→ PROBLEM DESCRIPTION
For the records below, tally the lines that include the word "moreover" and report the number alone.

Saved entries

--- START ---

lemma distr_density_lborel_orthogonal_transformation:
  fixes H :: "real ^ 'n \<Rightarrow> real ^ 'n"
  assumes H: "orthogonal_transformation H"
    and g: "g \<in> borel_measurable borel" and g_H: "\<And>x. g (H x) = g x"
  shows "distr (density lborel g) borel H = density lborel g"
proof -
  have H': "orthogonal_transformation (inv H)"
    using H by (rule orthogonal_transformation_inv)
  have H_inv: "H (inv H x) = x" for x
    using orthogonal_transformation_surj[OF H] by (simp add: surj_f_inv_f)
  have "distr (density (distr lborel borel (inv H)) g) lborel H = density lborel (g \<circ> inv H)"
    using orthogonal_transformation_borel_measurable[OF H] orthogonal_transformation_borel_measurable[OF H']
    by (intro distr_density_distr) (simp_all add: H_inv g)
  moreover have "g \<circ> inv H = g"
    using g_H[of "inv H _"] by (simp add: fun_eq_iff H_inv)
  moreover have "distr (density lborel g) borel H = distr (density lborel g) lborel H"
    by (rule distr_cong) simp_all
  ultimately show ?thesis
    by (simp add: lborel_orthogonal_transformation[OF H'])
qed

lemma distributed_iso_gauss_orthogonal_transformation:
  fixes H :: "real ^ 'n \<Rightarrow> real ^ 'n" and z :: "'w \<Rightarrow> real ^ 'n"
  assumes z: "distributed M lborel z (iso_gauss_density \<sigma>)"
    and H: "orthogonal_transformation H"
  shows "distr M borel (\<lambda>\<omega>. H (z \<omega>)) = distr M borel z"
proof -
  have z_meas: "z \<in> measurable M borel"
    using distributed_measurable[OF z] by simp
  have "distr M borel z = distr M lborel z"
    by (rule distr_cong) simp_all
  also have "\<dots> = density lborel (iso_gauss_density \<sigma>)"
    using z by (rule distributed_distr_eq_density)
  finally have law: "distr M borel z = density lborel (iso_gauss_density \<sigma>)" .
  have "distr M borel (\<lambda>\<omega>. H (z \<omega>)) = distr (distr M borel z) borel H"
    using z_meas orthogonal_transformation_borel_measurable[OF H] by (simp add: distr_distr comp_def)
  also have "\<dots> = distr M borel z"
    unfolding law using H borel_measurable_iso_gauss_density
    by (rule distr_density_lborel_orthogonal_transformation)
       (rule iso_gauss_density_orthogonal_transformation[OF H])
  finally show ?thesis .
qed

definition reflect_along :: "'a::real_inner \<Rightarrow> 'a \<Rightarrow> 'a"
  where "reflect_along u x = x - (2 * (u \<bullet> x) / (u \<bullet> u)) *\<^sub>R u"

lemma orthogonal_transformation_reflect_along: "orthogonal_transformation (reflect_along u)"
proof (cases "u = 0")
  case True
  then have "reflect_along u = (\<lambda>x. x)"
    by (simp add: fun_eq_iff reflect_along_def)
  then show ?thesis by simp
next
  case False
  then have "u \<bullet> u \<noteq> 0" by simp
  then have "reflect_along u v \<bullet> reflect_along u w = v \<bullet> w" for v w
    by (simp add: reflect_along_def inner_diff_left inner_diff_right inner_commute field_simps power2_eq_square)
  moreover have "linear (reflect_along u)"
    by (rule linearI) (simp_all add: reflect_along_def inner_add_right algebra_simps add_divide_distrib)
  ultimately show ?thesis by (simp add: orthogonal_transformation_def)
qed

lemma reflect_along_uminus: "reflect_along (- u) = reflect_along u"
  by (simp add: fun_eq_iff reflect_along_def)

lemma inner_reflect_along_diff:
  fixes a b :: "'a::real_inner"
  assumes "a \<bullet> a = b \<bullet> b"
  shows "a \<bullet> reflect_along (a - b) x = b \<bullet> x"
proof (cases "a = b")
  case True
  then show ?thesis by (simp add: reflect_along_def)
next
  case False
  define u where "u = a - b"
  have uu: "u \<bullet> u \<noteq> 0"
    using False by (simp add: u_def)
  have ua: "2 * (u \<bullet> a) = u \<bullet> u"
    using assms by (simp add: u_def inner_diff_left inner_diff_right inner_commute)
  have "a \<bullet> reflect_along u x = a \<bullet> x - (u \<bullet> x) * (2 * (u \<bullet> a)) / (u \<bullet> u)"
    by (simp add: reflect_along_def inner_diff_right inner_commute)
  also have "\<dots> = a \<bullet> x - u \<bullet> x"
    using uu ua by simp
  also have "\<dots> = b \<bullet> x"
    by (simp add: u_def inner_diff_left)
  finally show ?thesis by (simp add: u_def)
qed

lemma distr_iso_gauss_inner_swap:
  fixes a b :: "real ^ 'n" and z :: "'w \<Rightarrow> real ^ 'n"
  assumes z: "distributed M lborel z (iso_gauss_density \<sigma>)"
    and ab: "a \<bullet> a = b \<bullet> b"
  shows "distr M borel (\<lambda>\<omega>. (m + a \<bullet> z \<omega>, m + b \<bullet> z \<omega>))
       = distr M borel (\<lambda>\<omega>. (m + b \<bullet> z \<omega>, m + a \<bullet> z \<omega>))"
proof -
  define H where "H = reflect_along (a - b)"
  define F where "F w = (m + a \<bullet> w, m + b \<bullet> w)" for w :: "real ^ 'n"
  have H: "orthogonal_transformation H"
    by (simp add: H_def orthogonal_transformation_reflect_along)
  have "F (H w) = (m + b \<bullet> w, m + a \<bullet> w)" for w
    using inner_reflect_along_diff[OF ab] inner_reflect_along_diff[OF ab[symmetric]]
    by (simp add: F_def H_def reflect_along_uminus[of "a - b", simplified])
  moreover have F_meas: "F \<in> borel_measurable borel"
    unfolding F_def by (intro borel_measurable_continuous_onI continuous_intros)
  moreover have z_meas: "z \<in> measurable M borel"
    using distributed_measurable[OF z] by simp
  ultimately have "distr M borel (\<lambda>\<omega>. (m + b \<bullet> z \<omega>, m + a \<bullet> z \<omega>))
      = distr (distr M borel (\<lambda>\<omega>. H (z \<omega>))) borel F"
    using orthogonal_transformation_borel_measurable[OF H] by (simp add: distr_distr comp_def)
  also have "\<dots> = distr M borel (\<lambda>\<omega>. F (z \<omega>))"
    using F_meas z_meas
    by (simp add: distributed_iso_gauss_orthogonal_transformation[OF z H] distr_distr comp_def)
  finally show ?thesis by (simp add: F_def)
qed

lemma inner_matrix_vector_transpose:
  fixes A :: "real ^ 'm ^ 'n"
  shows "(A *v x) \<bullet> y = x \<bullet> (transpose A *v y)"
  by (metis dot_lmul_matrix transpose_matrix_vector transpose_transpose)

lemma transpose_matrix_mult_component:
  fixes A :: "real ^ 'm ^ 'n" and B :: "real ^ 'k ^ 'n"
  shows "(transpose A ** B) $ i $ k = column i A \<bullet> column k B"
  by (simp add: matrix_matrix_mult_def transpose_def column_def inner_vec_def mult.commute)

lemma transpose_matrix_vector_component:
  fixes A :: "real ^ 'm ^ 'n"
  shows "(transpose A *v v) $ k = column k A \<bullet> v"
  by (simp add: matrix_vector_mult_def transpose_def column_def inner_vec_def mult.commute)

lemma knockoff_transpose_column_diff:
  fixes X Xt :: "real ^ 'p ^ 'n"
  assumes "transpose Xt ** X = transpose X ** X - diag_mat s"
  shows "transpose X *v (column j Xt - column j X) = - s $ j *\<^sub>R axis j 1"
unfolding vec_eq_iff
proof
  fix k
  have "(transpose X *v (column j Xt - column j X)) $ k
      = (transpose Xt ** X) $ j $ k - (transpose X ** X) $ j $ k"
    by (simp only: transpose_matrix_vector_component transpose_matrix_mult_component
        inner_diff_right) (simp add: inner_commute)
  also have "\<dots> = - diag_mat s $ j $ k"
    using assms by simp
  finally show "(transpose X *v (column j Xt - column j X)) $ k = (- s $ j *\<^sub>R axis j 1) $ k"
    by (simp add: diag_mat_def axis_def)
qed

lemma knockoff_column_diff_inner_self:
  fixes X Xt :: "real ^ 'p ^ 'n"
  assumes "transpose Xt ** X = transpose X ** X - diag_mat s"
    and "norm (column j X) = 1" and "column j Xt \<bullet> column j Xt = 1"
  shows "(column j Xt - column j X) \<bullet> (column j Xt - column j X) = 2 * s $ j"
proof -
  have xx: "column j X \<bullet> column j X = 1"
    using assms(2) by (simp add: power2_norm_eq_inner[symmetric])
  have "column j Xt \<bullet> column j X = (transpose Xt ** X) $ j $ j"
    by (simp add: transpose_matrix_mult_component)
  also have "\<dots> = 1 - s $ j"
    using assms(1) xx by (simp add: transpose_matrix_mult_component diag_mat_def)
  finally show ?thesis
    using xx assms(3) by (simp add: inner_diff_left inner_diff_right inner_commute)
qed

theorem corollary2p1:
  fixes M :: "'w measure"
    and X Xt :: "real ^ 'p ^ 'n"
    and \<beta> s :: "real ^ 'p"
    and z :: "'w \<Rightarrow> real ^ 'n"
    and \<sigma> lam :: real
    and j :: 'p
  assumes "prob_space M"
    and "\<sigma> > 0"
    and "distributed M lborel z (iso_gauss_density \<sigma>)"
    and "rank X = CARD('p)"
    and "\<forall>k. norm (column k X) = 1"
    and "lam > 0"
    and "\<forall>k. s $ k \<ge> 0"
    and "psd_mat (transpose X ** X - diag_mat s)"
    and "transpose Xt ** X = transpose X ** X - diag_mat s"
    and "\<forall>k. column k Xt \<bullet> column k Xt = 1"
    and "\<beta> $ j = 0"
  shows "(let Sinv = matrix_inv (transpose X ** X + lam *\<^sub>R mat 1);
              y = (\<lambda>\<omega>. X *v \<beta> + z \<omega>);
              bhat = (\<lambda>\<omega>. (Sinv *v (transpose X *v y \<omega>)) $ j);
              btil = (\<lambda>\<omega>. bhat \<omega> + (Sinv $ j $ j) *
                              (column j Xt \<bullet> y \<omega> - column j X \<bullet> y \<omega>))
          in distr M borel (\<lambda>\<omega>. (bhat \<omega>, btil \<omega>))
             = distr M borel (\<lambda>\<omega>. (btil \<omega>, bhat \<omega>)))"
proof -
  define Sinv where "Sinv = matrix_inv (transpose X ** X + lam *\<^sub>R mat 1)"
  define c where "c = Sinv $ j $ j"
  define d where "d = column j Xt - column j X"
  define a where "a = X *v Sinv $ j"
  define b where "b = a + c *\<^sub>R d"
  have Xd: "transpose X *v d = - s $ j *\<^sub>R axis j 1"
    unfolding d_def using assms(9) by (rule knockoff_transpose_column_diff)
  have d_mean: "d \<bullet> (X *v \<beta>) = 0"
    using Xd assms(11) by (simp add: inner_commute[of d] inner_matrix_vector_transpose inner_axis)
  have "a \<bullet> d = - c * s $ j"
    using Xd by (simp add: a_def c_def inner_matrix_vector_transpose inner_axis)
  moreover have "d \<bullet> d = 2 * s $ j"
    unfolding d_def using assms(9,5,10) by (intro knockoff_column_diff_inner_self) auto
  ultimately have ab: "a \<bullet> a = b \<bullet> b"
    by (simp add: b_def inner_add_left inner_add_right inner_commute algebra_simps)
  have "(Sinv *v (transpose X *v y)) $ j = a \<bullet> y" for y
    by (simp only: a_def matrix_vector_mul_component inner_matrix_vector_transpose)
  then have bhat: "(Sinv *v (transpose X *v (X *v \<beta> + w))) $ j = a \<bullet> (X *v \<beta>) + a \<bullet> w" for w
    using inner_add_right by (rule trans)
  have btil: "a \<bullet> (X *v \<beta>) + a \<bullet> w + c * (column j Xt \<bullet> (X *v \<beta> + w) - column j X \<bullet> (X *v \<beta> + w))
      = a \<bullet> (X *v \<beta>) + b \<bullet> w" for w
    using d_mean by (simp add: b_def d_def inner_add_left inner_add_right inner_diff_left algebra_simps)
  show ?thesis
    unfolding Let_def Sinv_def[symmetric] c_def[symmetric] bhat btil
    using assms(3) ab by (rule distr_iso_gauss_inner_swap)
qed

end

--- END ---

→ ANSWER FOR THE TASK
6